Out of the box thinkers Jamie Saft and Joe Morris combined forces last year for an update on the guttural, jam-rock aesthetic popular around the turn of the 70s. Slobber Pup‘s rigidly simple song structures, unforgiving improvising and thunderous noise endeared itself to us enough to force its way into the year end list of best avant-garde and experimental albums for 2013.
Just a year later, the keyboardist and guitarist extremists are joining forces, surrounding themselves with a completely different supporting band. “Plymouth,” as this new band is called, is also the name of the new disc (due out April 6, 2014 via Rare Noise Records). Joining the two this time are Gerald Cleaver on drums, Mary Halvorson on guitar and Chris Lightcap on bass…not the usual standup bass, mind you, but a hollow bodied electric bass with a fuzz pedal. That’s added on top of the fuzz coming from Saft’s organs, and the distortion tones the sometimes can be heard emitting from the guitars. Not completely abandoning the acoustic spirit, Saft also plays a piano but one that’s run through an Echoplex, and Cleaver brings a tough but acoustic attitude to the drums.
Another Saft and Morris meeting goes a long way toward making Plymouth one of the most deservedly anticipated releases in experimental music this year, but don’t overlook the Morris/Halvorson union, either. Halvorson is the next generation’s Joe Morris (and you don’t have to take my word on that), a guitarist with a unique voice and who can find the harmonic center from the vaguest of clues. Thrown in an arena with Morris — much less Saft, Lightcap and Cleaver — is child’s play for this former student of Morris, and we’re treated to a lot of her direct interactions with the elder guitarist. The big takeaway is not how they butt heads and battle each other but instead how they complement each other so well.
Plymouth‘s tunes are all jams like Slobber Pup‘s, only three of three of ’em in all, and it too sounds dirty and raw. The difference this time is the intensity isn’t relentless, there’s room from song development, texturing and little things that tend to get noticed better. All this works in favor of (and perhaps because of) Halvorson and her interaction with that other guitarist, Morris.
“Manomet” is a twenty-minute long, lumbering, droning organism with no tempo and Morris and Halvorson peppering the fringes of it with abstruse and unhurried lines. Soon afterwards, Saft’s B3 begins a long ascension into the forefront, eventually drowning out the guitarists. Halvorson mounts a counterattack and Morris joins in with sharp, distorted flutters, shooing away Shaft’s provocation and opening up a vast space where everyone collects themselves; Halvorson offers up a soft pattern of chords as Morris undertakes a psychedelic route in hushed tones to take this monster of a tune to the end.

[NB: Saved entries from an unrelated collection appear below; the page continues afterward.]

(* In multihop Peg Duotaire, for every integer $n\ge 0$, the position $11(01)^n$ has nim-value $n+1$.
   Context: Peg Duotaire is an impartial two-player game played on the infinite line of sites indexed by $\mathbb{Z}$, each site holding a peg or being a hole, with finitely many pegs. A word $w\in\{0,1\}^*$ denotes the position in which $w$ is written on consecutive sites ($1$ = peg, $0$ = hole) and all other sites are holes. A hop: for a peg at site $i$, a peg at site $i+d$ and a hole at site $i+2d$ ($d=\pm1$), move the peg from $i$ to $i+2d$ and remove the peg at $i+d$. In the multihop version, a move is a sequence of one or more hops all performed by the same peg. Players alternate moves; a player unable to move loses. The nim-value of a position is the least nonnegative integer not among the nim-values of positions reachable in one move. *)

theory Defs
  imports Main
begin

text \<open>A position is the (finite) set of sites of \<int> holding a peg.\<close>

definition hop :: "int set \<Rightarrow> int \<Rightarrow> int \<Rightarrow> int set \<Rightarrow> bool" where
  "hop p i d q \<longleftrightarrow> (d = 1 \<or> d = -1) \<and> i \<in> p \<and> i + d \<in> p \<and> i + 2*d \<notin> p
     \<and> q = (p - {i, i + d}) \<union> {i + 2*d}"

inductive hops :: "int set \<Rightarrow> int \<Rightarrow> int set \<Rightarrow> int \<Rightarrow> bool" where
  first: "hop p i d q \<Longrightarrow> hops p i q (i + 2*d)"
| more: "hops p i q j \<Longrightarrow> hop q j d r \<Longrightarrow> hops p i r (j + 2*d)"

definition move :: "int set \<Rightarrow> int set \<Rightarrow> bool" where
  "move p q \<longleftrightarrow> (\<exists>i j. hops p i q j)"

definition mex :: "nat set \<Rightarrow> nat" where
  "mex S = (LEAST n. n \<notin> S)"

definition move_rel :: "(int set \<times> int set) set" where
  "move_rel = {(q, p). finite p \<and> move p q}"

text \<open>Nim-value, by well-founded recursion along moves (each hop removes a peg).\<close>
definition nimval :: "int set \<Rightarrow> nat" where
  "nimval = wfrec move_rel (\<lambda>f p. mex (f ` {q. move p q}))"

text \<open>The position denoted by a word (True = peg), written on sites 0,1,...\<close>
definition word_pos :: "bool list \<Rightarrow> int set" where
  "word_pos w = {int k | k. k < length w \<and> w ! k}"

end

theory Submission
  imports Defs
begin

(* Write the ladder 11(01)^(k-1) with its last peg on a fixed site e.  A single hop from it is
   either the leftmost peg hopping right, giving the ladder one step shorter with the same last
   site, or the second peg hopping left, giving 1000(10)^(k-2), from which no hop is possible.
   Hence the moves from the ladder of length k lead exactly to the ladders of every length
   k' < k (the leftmost peg hopping k - k' times) and to dead positions of value 0, so by
   induction its nim-value is mex {0, ..., k - 1} = k. *)

lemma hop_finite_card_less:
  assumes "hop p i d q" and "finite p"
  shows "finite q \<and> card q < card p"
proof -
  from assms(1) have d: "d = 1 \<or> d = -1" and pegs: "i \<in> p" "i + d \<in> p" "i + 2*d \<notin> p"
    and q: "q = (p - {i, i + d}) \<union> {i + 2*d}" by (auto simp: hop_def)
  have hopped: "{i, i + d} \<subseteq> p" "card {i, i + d} = 2" using d pegs by auto
  then have "card (p - {i, i + d}) = card p - 2" and "2 \<le> card p"
    using assms(2) card_mono[OF assms(2) hopped(1)] by (simp_all add: card_Diff_subset)
  then show ?thesis using q pegs assms(2) by simp
qed

lemma hops_finite_card_less: "hops p i q j \<Longrightarrow> finite p \<Longrightarrow> finite q \<and> card q < card p"
  by (induction rule: hops.induct) (auto dest: hop_finite_card_less)

lemma wf_move_rel: "wf move_rel"
proof (rule wf_subset[OF wf_measure[of card]])
  show "move_rel \<subseteq> measure card"
    by (auto simp: move_rel_def move_def dest: hops_finite_card_less)
qed

lemma nimval_eq_mex: "finite p \<Longrightarrow> nimval p = mex (nimval ` {q. move p q})"
proof -
  assume "finite p"
  have "nimval p = mex (cut nimval move_rel p ` {q. move p q})"
    unfolding nimval_def by (subst wfrec[OF wf_move_rel]) simp
  also have "cut nimval move_rel p ` {q. move p q} = nimval ` {q. move p q}"
    using \<open>finite p\<close> by (auto simp: cut_def move_rel_def image_def)
  finally show ?thesis .
qed

lemma mex_lessThan: "mex {..<k} = k"
  unfolding mex_def by (rule Least_equality) auto

lemma hops_imp_hop: "hops p i q j \<Longrightarrow> \<exists>d q'. hop p i d q'"
  by (induction rule: hops.induct) auto

lemma nimval_eq_0_if_no_hop:
  assumes "finite p" and "\<And>i d q. \<not> hop p i d q"
  shows "nimval p = 0"
proof -
  have "{q. move p q} = {}"
    using assms(2) by (auto simp: move_def dest: hops_imp_hop)
  then show ?thesis using nimval_eq_mex[OF assms(1)] mex_lessThan[of 0] by simp
qed

text \<open>ladder_pos e k is the word 11(01)^(k-1) written with its last peg on site e;
  ladder_pos e 0 is the single peg e + 1.\<close>
definition ladder_pos :: "int \<Rightarrow> nat \<Rightarrow> int set" where
  "ladder_pos e k = insert (e - 2 * int k + 1) {x. e - 2 * int k + 2 \<le> x \<and> x \<le> e \<and> even (e - x)}"

text \<open>What is left after the second peg of ladder_pos e k hops to the left: 1000(10)^(k-2).\<close>
definition blocked_pos :: "int \<Rightarrow> nat \<Rightarrow> int set" where
  "blocked_pos e k = insert (e - 2 * int k) {x. e - 2 * int k + 4 \<le> x \<and> x \<le> e \<and> even (e - x)}"

lemma finite_ladder_pos: "finite (ladder_pos e k)"
proof -
  have "ladder_pos e k \<subseteq> {e - 2 * int k + 1 .. e + 1}" unfolding ladder_pos_def by auto
  then show ?thesis by (rule finite_subset) simp
qed

lemma finite_blocked_pos: "finite (blocked_pos e k)"
proof -
  have "blocked_pos e k \<subseteq> {e - 2 * int k .. e}" unfolding blocked_pos_def by auto
  then show ?thesis by (rule finite_subset) simp
qed

lemma no_hop_blocked_pos: "\<not> hop (blocked_pos e k) i d q"
  unfolding hop_def blocked_pos_def by (auto; presburger)

lemma nimval_blocked_pos: "nimval (blocked_pos e k) = 0"
  by (rule nimval_eq_0_if_no_hop[OF finite_blocked_pos no_hop_blocked_pos])

lemma hop_ladder_pos_right: "hop (ladder_pos e (Suc k)) (e - 2 * int (Suc k) + 1) 1 (ladder_pos e k)"
  unfolding hop_def ladder_pos_def by (auto; presburger)

lemma hop_ladder_pos:
  assumes "hop (ladder_pos e k) i d q"
  shows "0 < k \<and> (q = ladder_pos e (k - 1) \<or> q = blocked_pos e k)"
proof -
  from assms have d: "d = 1 \<or> d = -1" and pegs: "i \<in> ladder_pos e k" "i + d \<in> ladder_pos e k"
    and q: "q = (ladder_pos e k - {i, i + d}) \<union> {i + 2*d}" by (auto simp: hop_def)
  have "0 < k" using d pegs by (auto simp: ladder_pos_def; presburger)
  then obtain k' where k: "k = Suc k'" using gr0_conv_Suc by blast
  consider "i = e - 2 * int k + 1" "d = 1" | "i = e - 2 * int k + 2" "d = -1"
    using d pegs by (auto simp: ladder_pos_def; presburger)
  then show ?thesis
  proof cases
    case 1
    have "q = ladder_pos e k'"
      unfolding q 1 k ladder_pos_def by (rule set_eqI) (simp; presburger)
    then show ?thesis using k by simp
  next
    case 2
    have "q = blocked_pos e k"
      unfolding q 2 blocked_pos_def ladder_pos_def by (rule set_eqI) (simp; presburger)
    then show ?thesis using k by simp
  qed
qed

lemma hops_from_ladder_pos:
  assumes "hops p i q j" and "p = ladder_pos e k"
  shows "(\<exists>k' < k. q = ladder_pos e k') \<or> (0 < k \<and> (\<exists>k'. q = blocked_pos e k'))"
  using assms
proof (induction rule: hops.induct)
  case (first p i d q)
  then have "0 < k \<and> (q = ladder_pos e (k - 1) \<or> q = blocked_pos e k)"
    using hop_ladder_pos by blast
  then show ?case by (metis diff_less zero_less_one)
next
  case (more p i q j d r)
  then obtain k' where "k' < k" "q = ladder_pos e k'"
    using no_hop_blocked_pos by blast
  with more.hyps(2) have "0 < k' \<and> (r = ladder_pos e (k' - 1) \<or> r = blocked_pos e k')"
    using hop_ladder_pos by blast
  then show ?case using \<open>k' < k\<close> by (auto intro: less_imp_diff_less)
qed

lemma hops_ladder_pos_descend:
  assumes "k' < k"
  shows "hops (ladder_pos e k) (e - 2 * int k + 1) (ladder_pos e k') (e - 2 * int k' + 1)"
proof -
  obtain k0 where k: "k = Suc k0" using assms gr0_conv_Suc by blast
  have "k' \<le> k0" using assms k by simp
  then show ?thesis
  proof (induction k' rule: inc_induct)
    case base
    show ?case using hops.first[OF hop_ladder_pos_right[of e k0]] k by (simp add: algebra_simps)
  next
    case (step k')
    from hops.more[OF step.IH hop_ladder_pos_right[of e k']] show ?case by (simp add: algebra_simps)
  qed
qed

lemma nimval_ladder_pos: "nimval (ladder_pos e k) = k"
proof (induction k rule: less_induct)
  case (less k)
  have "nimval ` {q. move (ladder_pos e k) q} = {..<k}"
  proof (intro equalityI subsetI)
    fix v assume "v \<in> nimval ` {q. move (ladder_pos e k) q}"
    then obtain q i j where v: "v = nimval q" and "hops (ladder_pos e k) i q j"
      by (auto simp: move_def)
    then consider k' where "k' < k" "q = ladder_pos e k'" | k' where "0 < k" "q = blocked_pos e k'"
      using hops_from_ladder_pos by blast
    then show "v \<in> {..<k}"
      by cases (use v less.IH nimval_blocked_pos in auto)
  next
    fix k' assume "k' \<in> {..<k}"
    then have "move (ladder_pos e k) (ladder_pos e k')"
      unfolding move_def using hops_ladder_pos_descend by blast
    moreover have "nimval (ladder_pos e k') = k'" using \<open>k' \<in> {..<k}\<close> less.IH by simp
    ultimately show "k' \<in> nimval ` {q. move (ladder_pos e k) q}" by force
  qed
  then show ?case using nimval_eq_mex[OF finite_ladder_pos] mex_lessThan by simp
qed

lemma two_pegs_then_odd_sites:
  "[True, True] @ concat (replicate n [False, True]) = map (\<lambda>k. k = 0 \<or> odd k) [0..<2 * n + 2]"
  by (induction n) (simp_all add: replicate_append_same[symmetric])

lemma word_pos_map_upt: "word_pos (map P [0..<m]) = int ` {k. k < m \<and> P k}"
  by (auto simp: word_pos_def)

lemma word_pos_eq_ladder_pos:
  "word_pos ([True, True] @ concat (replicate n [False, True])) = ladder_pos (2 * int n + 1) (Suc n)"
proof -
  have "x \<in> ladder_pos (2 * int n + 1) (Suc n) \<longleftrightarrow> (\<exists>k. x = int k \<and> k < 2 * n + 2 \<and> (k = 0 \<or> odd k))"
    for x
  proof
    assume "x \<in> ladder_pos (2 * int n + 1) (Suc n)"
    then have "x = int (nat x) \<and> nat x < 2 * n + 2 \<and> (nat x = 0 \<or> odd (nat x))"
      unfolding ladder_pos_def by (auto simp: even_nat_iff; presburger)
    then show "\<exists>k. x = int k \<and> k < 2 * n + 2 \<and> (k = 0 \<or> odd k)" by blast
  qed (auto simp: ladder_pos_def; presburger)
  then show ?thesis unfolding two_pegs_then_odd_sites word_pos_map_upt by auto
qed

theorem mainTheorem6:
  fixes n :: nat
  shows "nimval (word_pos ([True, True] @ concat (replicate n [False, True]))) = n + 1"
  unfolding word_pos_eq_ladder_pos nimval_ladder_pos by simp

end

A celestial, Echoplex piano commences “Plimouth,” while Morris, Lightcap and Halvorson’s signature nosedives probe around Saft’s astral showers. About midway through, things take a turn toward the rock side of things and Saft’s piano is overtaken by a big dose of organ and Cleaver’s straight-ahead pounding. Guitars and bass add to the party but that piano is still hanging around, almost superfluously. Morris’ blues-rock figures once again brings a song to its ending.
The shimmering piano again provides the initial backdrop, this time for the half-hour ride “Standish.” Halvorson adds blotches of curved-sound color that Saft sometimes responds with note bendings of his own and together with Lightcap’s wandering bass lines form an alliance of serenity. But then here comes that B3 from well behind the front line and once again, serenity turns into intensity. Everyone is improvising together instinctually as a unit, too. The grind comes to a standstill at the seventeen-minute mark and the Echoplex piano returns. Like opening up the windows to a house to let the random but refreshing spring breeze in, the five reload with new ideas, eventually returning to the thickness they molded earlier but with a renewed perspective. The whole thing culminates in Saft’s soaring organ solo, challenged by Cleaver’s insanely perceptive support.
Plymouth will probably be considered the successor to Slobber Pup, and that’s probably justified. But players like Halvorson, Cleaver and Lightcap aren’t brought in to round out an existing sound, they’re there to play key roles in shaping it. They do, and with the core of Saft and Morris remaining intact through it all, Plymouth is another triumph of sinister, free rock-jazz and the extemporaneous way it all came together.